(Stored records)

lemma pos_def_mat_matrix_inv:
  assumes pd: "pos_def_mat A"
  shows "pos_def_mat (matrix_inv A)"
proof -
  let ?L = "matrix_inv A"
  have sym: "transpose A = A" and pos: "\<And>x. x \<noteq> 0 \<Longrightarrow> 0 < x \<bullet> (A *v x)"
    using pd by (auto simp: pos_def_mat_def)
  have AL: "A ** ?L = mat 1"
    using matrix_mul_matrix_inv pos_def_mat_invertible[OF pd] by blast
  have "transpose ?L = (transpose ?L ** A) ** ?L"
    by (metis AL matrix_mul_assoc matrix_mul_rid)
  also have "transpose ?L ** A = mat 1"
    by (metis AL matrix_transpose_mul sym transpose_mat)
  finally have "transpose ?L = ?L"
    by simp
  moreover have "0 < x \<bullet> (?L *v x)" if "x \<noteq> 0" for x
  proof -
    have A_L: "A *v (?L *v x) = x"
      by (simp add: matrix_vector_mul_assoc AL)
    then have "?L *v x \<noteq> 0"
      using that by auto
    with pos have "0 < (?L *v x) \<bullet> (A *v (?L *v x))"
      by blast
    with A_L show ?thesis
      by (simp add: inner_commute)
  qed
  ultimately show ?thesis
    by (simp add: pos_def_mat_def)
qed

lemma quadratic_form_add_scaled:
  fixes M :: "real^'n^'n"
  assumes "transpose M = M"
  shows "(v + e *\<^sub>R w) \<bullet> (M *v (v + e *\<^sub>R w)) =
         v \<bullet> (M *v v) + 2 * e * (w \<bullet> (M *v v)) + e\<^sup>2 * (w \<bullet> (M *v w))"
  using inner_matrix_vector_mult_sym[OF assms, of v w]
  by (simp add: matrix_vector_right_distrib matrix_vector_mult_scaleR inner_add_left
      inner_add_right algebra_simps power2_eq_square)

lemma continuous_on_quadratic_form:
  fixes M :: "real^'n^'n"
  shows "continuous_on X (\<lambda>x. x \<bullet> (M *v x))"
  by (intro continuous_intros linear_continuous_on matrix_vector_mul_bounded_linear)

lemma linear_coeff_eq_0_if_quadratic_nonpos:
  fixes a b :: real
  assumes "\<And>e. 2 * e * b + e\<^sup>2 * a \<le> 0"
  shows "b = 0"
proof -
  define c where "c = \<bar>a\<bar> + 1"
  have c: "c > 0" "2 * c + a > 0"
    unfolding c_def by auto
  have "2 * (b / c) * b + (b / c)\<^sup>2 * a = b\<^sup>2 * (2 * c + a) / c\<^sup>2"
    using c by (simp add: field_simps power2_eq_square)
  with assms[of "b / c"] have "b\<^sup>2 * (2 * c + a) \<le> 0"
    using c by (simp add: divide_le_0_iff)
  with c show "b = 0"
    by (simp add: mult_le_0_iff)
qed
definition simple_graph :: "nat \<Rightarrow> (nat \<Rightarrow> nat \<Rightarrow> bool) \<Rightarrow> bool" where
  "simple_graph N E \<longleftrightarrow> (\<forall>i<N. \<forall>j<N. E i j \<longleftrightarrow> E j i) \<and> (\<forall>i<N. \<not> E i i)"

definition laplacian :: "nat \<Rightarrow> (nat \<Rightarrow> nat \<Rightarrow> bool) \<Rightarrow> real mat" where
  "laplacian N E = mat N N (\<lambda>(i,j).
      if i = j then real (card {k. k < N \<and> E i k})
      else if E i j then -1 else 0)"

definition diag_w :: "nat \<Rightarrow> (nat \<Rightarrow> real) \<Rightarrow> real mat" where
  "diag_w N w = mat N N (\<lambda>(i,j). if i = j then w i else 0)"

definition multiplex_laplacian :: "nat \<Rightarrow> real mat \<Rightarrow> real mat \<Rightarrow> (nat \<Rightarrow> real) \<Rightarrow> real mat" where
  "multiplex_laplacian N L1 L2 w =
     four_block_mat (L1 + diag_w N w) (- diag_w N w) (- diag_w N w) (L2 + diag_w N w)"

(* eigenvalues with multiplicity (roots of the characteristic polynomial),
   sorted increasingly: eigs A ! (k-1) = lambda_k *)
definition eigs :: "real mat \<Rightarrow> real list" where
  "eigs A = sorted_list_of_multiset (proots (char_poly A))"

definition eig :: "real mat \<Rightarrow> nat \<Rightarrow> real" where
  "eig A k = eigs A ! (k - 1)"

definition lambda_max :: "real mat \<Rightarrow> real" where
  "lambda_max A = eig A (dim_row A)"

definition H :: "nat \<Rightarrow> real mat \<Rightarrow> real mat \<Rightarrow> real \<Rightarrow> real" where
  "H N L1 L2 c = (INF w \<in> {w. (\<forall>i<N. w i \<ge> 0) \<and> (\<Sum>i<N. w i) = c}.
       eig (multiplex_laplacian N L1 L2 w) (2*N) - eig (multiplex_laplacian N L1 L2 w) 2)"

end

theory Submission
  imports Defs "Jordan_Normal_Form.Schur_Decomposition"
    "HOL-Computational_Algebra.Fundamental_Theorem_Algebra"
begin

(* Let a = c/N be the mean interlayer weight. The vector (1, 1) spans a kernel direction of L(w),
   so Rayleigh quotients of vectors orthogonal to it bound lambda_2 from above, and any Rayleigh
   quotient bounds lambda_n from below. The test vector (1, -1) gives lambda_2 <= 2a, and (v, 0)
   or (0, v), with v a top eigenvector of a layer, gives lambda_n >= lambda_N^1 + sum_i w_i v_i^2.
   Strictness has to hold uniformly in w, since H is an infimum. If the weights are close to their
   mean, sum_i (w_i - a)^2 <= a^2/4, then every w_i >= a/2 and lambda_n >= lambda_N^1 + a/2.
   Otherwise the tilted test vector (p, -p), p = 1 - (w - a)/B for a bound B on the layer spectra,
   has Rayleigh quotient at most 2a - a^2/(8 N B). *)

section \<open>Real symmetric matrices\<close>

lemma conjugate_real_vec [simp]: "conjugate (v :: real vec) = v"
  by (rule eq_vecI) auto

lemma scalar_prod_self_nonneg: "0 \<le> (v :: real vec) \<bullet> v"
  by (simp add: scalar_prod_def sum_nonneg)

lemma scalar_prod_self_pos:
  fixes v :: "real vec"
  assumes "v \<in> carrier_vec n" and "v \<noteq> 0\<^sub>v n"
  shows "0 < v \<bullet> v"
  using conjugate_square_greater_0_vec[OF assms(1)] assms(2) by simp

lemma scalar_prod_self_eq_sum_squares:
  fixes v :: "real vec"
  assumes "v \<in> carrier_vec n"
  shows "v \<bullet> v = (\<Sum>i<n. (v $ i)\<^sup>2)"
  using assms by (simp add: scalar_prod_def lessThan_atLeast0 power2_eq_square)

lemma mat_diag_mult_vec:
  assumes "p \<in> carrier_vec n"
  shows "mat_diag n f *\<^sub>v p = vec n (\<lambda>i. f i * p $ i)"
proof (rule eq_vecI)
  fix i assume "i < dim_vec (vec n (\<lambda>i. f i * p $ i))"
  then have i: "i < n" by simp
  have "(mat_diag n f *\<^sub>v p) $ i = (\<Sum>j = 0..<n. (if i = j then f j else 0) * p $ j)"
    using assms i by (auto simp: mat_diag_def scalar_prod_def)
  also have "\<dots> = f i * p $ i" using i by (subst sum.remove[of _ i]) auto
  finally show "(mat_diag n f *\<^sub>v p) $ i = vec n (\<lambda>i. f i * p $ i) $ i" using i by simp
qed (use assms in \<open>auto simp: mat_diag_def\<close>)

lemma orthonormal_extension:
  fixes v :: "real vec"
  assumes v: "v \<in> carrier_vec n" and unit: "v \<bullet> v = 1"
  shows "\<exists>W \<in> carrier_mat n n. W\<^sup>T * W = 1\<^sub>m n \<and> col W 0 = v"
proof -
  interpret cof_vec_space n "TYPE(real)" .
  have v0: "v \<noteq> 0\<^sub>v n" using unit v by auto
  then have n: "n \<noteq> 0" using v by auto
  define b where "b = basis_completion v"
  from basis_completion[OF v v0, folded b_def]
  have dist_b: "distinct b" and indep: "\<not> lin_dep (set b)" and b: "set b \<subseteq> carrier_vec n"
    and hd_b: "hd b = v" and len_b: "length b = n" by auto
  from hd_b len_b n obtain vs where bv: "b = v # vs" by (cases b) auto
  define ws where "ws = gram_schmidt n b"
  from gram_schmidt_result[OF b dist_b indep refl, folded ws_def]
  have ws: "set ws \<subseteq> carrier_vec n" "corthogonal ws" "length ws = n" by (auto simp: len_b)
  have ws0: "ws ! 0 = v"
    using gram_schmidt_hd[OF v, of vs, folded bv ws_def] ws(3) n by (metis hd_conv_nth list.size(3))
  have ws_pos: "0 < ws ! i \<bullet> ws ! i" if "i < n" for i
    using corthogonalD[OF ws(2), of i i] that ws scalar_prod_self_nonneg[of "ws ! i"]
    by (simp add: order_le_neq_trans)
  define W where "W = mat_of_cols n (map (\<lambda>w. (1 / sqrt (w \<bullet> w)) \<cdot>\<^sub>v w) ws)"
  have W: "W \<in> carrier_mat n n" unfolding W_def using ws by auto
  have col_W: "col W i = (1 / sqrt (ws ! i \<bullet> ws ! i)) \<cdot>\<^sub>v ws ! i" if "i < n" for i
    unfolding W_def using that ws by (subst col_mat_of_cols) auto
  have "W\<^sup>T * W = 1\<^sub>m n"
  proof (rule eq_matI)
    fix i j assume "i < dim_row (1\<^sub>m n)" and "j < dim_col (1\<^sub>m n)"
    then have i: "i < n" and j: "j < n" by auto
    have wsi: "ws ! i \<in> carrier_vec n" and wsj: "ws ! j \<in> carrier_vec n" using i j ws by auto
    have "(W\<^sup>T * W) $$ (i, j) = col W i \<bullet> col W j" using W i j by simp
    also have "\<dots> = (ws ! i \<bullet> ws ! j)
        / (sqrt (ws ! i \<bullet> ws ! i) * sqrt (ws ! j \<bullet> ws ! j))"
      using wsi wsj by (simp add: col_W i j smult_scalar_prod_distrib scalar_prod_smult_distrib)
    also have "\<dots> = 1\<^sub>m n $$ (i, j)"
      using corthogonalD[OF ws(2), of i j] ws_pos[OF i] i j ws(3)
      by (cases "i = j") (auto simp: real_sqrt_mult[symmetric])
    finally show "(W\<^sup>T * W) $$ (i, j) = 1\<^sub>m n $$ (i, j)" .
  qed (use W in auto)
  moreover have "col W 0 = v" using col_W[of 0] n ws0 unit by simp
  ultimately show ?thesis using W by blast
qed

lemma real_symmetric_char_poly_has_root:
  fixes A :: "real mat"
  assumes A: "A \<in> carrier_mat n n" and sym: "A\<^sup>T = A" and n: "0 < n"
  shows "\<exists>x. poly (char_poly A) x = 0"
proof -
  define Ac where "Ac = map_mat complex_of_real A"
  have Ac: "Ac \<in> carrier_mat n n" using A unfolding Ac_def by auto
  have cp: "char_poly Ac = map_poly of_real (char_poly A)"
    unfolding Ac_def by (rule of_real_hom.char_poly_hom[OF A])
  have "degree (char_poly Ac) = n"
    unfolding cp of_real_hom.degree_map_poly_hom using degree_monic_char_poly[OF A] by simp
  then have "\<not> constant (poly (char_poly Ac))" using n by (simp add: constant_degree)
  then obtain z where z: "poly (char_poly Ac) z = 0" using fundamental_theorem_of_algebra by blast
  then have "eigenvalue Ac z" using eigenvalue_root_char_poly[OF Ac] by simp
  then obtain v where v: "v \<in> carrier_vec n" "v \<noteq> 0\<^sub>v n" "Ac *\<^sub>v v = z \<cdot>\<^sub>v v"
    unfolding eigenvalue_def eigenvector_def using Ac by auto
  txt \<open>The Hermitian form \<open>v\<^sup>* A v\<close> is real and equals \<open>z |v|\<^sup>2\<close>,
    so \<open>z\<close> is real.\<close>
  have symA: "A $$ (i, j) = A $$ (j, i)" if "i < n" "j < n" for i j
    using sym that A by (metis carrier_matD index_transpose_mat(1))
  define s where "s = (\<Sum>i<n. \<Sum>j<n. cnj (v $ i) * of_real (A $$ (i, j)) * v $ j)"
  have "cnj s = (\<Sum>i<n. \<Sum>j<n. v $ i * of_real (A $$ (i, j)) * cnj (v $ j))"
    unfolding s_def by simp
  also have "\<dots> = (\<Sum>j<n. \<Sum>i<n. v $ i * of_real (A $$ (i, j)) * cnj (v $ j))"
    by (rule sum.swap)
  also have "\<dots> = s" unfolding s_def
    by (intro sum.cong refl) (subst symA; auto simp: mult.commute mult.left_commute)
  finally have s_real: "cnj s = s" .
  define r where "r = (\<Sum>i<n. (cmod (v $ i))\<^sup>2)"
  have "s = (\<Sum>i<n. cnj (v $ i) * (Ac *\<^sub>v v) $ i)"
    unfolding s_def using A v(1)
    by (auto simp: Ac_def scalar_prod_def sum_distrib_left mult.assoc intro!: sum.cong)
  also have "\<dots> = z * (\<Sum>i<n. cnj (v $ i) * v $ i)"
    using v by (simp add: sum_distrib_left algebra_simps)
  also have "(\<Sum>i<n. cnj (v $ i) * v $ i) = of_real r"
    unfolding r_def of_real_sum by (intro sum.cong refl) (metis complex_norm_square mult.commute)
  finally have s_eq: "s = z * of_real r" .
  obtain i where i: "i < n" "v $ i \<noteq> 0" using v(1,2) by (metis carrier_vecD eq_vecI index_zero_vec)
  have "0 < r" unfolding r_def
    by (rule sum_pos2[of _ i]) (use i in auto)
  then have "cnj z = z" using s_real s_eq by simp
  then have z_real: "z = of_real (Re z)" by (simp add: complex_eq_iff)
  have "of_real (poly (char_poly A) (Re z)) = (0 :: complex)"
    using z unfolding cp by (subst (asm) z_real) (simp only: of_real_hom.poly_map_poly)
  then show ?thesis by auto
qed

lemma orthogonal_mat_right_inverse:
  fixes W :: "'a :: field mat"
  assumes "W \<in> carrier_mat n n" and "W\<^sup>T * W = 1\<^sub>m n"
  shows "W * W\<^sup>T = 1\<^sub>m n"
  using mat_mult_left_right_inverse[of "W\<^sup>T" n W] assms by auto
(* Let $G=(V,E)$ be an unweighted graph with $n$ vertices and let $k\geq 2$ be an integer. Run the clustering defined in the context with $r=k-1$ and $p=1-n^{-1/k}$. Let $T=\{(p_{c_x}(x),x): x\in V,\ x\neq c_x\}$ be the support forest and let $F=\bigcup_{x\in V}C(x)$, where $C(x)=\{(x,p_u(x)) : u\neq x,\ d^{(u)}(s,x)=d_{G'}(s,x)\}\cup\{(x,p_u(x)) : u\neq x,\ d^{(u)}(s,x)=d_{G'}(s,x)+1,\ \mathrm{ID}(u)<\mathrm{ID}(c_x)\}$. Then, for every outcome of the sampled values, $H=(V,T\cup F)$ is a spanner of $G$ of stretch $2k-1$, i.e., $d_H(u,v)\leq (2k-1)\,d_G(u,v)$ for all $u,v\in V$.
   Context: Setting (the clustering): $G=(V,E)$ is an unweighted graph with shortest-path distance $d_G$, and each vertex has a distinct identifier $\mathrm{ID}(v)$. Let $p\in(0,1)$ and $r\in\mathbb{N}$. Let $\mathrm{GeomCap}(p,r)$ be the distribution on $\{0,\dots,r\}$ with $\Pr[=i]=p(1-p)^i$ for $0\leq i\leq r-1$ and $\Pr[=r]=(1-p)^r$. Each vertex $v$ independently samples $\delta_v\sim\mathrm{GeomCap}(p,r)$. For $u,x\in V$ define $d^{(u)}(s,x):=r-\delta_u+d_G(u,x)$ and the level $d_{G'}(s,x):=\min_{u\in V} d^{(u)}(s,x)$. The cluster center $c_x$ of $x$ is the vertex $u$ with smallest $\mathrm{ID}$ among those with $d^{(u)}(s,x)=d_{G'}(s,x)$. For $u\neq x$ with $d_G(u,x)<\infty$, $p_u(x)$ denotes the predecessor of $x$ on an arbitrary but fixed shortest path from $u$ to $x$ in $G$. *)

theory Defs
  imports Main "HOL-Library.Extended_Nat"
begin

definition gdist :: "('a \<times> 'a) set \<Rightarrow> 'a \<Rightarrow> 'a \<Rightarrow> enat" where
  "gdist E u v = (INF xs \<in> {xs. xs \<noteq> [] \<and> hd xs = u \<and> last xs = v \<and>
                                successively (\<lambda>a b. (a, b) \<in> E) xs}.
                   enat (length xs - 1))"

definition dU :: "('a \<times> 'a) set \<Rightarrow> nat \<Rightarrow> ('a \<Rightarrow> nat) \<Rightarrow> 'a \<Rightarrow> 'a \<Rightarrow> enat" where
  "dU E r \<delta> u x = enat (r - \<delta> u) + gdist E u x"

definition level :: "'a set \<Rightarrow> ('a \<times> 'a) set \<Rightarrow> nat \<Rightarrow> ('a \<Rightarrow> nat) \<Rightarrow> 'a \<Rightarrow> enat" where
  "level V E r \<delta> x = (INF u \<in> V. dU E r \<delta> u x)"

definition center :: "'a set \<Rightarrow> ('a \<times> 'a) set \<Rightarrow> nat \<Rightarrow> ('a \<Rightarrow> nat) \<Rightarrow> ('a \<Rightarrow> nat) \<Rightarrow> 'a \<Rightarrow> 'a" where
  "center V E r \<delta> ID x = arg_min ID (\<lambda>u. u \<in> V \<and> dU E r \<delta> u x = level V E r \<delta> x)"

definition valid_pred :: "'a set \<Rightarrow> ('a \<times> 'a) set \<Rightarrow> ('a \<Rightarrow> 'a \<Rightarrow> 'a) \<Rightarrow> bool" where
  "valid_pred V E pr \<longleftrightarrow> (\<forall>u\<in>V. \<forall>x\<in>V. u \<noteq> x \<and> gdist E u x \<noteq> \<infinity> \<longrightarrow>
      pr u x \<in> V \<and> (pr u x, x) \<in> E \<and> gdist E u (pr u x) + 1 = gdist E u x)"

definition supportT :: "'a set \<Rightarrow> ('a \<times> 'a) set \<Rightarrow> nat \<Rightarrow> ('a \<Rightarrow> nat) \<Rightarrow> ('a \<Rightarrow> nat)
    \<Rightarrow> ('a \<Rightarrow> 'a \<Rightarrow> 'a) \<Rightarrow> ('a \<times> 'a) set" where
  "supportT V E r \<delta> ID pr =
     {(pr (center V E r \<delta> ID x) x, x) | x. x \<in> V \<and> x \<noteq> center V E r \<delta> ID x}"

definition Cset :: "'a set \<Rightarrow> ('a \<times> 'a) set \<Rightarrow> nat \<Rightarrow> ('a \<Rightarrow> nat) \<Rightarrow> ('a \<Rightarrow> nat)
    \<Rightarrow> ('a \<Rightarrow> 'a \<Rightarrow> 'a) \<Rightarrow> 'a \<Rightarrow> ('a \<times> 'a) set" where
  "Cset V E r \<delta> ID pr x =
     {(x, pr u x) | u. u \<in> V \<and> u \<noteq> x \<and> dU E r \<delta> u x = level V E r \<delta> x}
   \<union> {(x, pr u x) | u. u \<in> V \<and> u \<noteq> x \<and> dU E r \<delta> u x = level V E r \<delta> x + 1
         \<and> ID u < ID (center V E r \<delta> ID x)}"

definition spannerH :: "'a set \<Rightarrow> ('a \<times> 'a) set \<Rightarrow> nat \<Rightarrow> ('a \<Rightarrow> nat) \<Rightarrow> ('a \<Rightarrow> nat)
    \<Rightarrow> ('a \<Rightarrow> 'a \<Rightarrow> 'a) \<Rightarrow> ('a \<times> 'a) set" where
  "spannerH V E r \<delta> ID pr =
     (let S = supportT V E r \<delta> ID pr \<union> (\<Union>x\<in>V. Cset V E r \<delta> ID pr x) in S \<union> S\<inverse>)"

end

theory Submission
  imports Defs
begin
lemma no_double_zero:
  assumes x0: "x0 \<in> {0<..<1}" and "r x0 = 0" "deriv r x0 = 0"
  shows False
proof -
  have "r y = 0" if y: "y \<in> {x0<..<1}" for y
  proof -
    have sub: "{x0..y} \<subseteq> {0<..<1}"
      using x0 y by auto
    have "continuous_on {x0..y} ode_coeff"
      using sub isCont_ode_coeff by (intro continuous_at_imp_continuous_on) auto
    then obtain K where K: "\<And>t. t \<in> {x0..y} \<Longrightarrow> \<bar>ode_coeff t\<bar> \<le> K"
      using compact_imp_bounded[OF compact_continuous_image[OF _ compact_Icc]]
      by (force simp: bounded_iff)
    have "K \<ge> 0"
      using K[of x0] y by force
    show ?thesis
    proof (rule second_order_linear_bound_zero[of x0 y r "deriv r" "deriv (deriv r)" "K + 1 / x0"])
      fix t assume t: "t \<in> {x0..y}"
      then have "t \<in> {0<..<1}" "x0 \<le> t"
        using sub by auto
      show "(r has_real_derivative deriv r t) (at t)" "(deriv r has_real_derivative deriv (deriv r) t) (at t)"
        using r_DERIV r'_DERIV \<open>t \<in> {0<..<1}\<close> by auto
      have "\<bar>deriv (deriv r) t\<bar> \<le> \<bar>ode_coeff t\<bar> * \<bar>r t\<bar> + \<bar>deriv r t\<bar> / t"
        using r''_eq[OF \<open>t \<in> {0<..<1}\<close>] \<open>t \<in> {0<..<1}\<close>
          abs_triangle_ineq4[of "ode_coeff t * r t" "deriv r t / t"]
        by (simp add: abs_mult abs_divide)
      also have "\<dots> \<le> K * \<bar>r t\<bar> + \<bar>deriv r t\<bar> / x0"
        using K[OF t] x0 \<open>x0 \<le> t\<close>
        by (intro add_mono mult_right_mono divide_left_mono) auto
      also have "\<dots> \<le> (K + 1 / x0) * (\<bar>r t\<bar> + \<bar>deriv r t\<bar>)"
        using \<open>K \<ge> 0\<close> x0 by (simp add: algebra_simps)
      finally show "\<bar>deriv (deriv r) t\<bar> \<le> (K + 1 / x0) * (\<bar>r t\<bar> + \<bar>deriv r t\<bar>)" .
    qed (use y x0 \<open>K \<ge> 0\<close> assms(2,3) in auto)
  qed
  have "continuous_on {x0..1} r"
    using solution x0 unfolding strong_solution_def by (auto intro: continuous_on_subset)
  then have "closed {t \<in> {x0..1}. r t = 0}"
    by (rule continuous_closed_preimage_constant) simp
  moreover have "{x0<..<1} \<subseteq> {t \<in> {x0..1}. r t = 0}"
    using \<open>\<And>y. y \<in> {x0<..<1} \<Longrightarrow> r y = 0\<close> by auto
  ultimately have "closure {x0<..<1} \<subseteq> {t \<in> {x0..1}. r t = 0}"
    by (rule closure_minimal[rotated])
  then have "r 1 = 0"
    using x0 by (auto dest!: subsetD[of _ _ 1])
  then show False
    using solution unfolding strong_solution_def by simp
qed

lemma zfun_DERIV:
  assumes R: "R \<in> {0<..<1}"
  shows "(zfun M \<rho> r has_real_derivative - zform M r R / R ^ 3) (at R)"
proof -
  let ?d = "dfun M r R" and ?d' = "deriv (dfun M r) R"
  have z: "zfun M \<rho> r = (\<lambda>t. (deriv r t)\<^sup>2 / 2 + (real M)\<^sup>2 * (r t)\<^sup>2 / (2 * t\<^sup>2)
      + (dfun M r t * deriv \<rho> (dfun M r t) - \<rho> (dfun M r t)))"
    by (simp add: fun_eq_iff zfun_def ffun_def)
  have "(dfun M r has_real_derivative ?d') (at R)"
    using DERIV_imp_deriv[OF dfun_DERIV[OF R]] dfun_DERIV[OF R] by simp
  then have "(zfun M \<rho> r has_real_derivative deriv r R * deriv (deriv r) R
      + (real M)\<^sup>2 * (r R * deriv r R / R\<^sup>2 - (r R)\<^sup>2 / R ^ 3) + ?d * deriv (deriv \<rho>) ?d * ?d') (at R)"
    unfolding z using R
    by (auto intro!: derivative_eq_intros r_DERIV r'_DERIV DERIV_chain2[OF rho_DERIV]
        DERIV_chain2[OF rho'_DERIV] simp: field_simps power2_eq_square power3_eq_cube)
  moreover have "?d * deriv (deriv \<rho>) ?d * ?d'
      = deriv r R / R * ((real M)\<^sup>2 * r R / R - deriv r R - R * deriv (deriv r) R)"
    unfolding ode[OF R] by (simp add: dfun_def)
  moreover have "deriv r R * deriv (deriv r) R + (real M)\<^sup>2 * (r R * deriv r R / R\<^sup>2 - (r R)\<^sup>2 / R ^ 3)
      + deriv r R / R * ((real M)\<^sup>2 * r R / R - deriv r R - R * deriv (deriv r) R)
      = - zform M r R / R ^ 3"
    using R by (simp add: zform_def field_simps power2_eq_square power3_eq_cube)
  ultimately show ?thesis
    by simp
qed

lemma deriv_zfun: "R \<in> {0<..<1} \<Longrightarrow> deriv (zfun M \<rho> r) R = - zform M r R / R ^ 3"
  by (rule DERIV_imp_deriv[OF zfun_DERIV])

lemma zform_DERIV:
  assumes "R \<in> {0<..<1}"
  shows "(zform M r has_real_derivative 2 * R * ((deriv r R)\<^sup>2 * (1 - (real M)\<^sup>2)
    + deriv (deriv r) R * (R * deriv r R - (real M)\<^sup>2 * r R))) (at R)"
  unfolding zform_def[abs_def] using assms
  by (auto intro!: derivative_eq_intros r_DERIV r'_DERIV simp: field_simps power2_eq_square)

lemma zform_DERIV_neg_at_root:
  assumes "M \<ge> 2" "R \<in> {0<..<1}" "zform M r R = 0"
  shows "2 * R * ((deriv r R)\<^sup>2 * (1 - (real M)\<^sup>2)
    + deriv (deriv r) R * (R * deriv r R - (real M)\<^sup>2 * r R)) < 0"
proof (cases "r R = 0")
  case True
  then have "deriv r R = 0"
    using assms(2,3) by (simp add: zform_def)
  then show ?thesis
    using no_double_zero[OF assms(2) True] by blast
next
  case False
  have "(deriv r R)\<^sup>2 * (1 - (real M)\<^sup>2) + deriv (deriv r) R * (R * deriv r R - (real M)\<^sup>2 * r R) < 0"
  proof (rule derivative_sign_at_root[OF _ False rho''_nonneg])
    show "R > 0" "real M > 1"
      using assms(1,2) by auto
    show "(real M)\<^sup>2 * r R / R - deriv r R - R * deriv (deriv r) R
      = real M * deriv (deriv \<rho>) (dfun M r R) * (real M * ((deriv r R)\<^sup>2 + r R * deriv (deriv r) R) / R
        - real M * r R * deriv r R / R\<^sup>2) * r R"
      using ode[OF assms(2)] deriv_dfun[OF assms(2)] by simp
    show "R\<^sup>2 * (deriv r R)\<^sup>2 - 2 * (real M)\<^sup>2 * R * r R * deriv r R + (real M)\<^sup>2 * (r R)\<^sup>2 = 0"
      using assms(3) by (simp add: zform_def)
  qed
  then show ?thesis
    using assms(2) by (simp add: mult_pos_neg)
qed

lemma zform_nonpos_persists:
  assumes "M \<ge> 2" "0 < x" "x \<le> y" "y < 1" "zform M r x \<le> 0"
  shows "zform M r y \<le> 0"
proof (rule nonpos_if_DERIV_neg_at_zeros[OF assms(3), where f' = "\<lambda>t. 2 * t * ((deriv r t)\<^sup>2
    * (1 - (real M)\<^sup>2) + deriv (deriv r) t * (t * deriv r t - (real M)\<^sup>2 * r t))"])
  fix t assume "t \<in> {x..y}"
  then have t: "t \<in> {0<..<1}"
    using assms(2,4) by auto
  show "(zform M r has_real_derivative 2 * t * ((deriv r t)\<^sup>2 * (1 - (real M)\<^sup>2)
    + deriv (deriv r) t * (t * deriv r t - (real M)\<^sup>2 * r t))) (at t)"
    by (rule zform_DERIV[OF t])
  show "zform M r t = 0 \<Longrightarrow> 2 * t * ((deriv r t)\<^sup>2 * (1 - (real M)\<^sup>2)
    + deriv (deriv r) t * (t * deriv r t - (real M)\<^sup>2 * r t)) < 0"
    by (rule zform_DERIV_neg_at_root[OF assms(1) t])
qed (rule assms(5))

## Exercise aim
Would you print, exactly as written, every line above from the one holding "deriv \<rho> (dfun" through the one holding "has_real_derivative deriv r R", with both included and no other lines?

## Response
      + (dfun M r t * deriv \<rho> (dfun M r t) - \<rho> (dfun M r t)))"
    by (simp add: fun_eq_iff zfun_def ffun_def)
  have "(dfun M r has_real_derivative ?d') (at R)"
    using DERIV_imp_deriv[OF dfun_DERIV[OF R]] dfun_DERIV[OF R] by simp
  then have "(zfun M \<rho> r has_real_derivative deriv r R * deriv (deriv r) R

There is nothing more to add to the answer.